◆ **EXERCISE PROMPT**
Your output should be each line from the material below that has the word "obtain".

•••

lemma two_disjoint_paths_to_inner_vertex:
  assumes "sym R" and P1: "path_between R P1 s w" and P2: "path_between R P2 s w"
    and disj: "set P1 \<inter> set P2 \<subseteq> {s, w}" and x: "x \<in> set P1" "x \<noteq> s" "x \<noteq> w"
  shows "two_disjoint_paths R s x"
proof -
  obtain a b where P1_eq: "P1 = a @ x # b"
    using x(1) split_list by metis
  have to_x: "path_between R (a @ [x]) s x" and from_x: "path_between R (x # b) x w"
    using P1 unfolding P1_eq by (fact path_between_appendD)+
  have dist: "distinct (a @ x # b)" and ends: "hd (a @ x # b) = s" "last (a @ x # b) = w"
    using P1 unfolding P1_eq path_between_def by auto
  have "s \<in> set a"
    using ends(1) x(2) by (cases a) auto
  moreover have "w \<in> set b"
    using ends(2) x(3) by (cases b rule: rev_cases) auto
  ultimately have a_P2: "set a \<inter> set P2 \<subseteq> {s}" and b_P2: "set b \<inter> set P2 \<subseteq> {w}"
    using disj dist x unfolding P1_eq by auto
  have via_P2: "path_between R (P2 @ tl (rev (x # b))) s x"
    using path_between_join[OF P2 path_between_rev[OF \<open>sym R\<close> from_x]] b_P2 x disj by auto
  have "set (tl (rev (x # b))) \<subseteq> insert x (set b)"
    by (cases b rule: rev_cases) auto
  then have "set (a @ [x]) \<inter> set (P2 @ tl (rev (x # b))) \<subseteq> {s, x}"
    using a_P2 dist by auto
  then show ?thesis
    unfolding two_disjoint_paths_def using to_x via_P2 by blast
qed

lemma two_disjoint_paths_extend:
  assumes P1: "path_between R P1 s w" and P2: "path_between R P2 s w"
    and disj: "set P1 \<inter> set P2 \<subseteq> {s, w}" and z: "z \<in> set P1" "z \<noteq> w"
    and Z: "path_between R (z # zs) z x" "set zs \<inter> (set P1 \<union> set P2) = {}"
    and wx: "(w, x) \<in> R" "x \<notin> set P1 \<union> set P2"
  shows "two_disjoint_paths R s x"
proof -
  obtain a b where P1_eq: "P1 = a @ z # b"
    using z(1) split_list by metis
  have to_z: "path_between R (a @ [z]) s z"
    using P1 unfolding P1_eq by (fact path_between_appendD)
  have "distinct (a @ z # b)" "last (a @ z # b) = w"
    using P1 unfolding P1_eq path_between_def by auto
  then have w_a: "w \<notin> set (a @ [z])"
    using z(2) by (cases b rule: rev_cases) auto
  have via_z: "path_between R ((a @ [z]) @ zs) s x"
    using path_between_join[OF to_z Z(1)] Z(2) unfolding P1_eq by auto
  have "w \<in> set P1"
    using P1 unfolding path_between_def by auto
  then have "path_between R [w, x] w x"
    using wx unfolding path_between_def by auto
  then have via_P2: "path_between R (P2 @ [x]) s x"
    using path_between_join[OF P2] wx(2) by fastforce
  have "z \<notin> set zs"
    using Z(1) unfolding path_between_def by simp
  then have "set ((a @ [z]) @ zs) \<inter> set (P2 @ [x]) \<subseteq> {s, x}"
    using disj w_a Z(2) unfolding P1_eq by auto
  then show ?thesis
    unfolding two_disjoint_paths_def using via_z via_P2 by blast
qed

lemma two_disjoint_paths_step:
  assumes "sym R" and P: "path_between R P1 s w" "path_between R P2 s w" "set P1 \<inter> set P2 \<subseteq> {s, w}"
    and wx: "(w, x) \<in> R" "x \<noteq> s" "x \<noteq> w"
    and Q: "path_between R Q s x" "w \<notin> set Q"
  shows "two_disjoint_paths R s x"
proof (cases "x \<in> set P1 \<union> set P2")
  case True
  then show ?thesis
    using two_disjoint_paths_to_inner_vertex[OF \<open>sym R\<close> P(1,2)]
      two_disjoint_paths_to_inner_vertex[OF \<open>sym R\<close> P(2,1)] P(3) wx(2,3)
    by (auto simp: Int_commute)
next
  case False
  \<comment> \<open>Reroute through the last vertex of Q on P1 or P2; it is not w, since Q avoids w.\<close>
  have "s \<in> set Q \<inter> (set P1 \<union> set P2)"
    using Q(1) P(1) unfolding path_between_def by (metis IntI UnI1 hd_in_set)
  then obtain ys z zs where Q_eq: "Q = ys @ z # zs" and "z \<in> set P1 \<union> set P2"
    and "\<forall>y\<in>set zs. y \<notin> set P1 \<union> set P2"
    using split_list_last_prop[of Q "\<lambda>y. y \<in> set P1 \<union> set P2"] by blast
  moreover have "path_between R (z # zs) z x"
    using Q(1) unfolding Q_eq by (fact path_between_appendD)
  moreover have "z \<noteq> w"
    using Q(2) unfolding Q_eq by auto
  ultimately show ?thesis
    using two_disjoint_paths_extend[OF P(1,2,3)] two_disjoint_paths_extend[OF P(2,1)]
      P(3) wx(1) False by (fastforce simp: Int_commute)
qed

•••

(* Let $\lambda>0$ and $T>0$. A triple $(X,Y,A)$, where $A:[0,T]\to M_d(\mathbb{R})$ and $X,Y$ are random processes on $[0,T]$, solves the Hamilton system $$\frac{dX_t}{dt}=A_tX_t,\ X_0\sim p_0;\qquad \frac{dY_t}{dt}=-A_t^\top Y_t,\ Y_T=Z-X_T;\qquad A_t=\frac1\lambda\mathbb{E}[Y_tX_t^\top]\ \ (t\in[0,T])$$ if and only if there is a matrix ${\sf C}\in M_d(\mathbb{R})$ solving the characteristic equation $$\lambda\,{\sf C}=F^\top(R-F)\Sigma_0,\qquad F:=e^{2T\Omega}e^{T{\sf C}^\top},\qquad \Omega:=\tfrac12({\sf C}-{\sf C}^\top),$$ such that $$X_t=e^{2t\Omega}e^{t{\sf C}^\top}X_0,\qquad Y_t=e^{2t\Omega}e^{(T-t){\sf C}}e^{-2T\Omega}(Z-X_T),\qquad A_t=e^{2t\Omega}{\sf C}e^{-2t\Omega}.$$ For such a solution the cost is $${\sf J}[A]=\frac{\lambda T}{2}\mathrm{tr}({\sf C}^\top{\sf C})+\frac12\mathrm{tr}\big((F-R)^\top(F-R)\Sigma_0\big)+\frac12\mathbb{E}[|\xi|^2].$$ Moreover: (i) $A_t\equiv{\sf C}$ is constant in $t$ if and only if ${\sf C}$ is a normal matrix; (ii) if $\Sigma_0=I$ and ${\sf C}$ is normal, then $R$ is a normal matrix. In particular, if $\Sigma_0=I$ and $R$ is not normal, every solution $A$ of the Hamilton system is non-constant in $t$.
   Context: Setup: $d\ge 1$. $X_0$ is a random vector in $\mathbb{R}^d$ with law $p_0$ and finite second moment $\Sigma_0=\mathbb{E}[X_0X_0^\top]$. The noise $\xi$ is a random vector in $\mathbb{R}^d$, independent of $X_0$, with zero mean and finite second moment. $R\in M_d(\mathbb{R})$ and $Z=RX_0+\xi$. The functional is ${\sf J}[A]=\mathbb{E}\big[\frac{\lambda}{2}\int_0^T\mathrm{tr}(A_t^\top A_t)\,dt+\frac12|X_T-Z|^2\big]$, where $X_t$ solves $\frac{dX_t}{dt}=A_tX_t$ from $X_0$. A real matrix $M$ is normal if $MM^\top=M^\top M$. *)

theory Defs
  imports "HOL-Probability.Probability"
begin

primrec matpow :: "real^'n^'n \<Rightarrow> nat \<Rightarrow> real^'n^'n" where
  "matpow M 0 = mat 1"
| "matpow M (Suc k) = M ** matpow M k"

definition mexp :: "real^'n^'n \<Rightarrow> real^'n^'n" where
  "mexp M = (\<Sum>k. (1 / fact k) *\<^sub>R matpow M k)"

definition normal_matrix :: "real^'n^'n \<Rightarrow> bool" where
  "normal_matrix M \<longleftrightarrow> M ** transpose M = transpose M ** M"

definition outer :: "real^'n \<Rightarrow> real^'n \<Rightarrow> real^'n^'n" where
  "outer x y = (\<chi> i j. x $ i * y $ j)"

•••

◆ **RESPONSE TO THE EXERCISE**
  obtain a b where P1_eq: "P1 = a @ x # b"
  obtain a b where P1_eq: "P1 = a @ z # b"
  then obtain ys z zs where Q_eq: "Q = ys @ z # zs" and "z \<in> set P1 \<union> set P2"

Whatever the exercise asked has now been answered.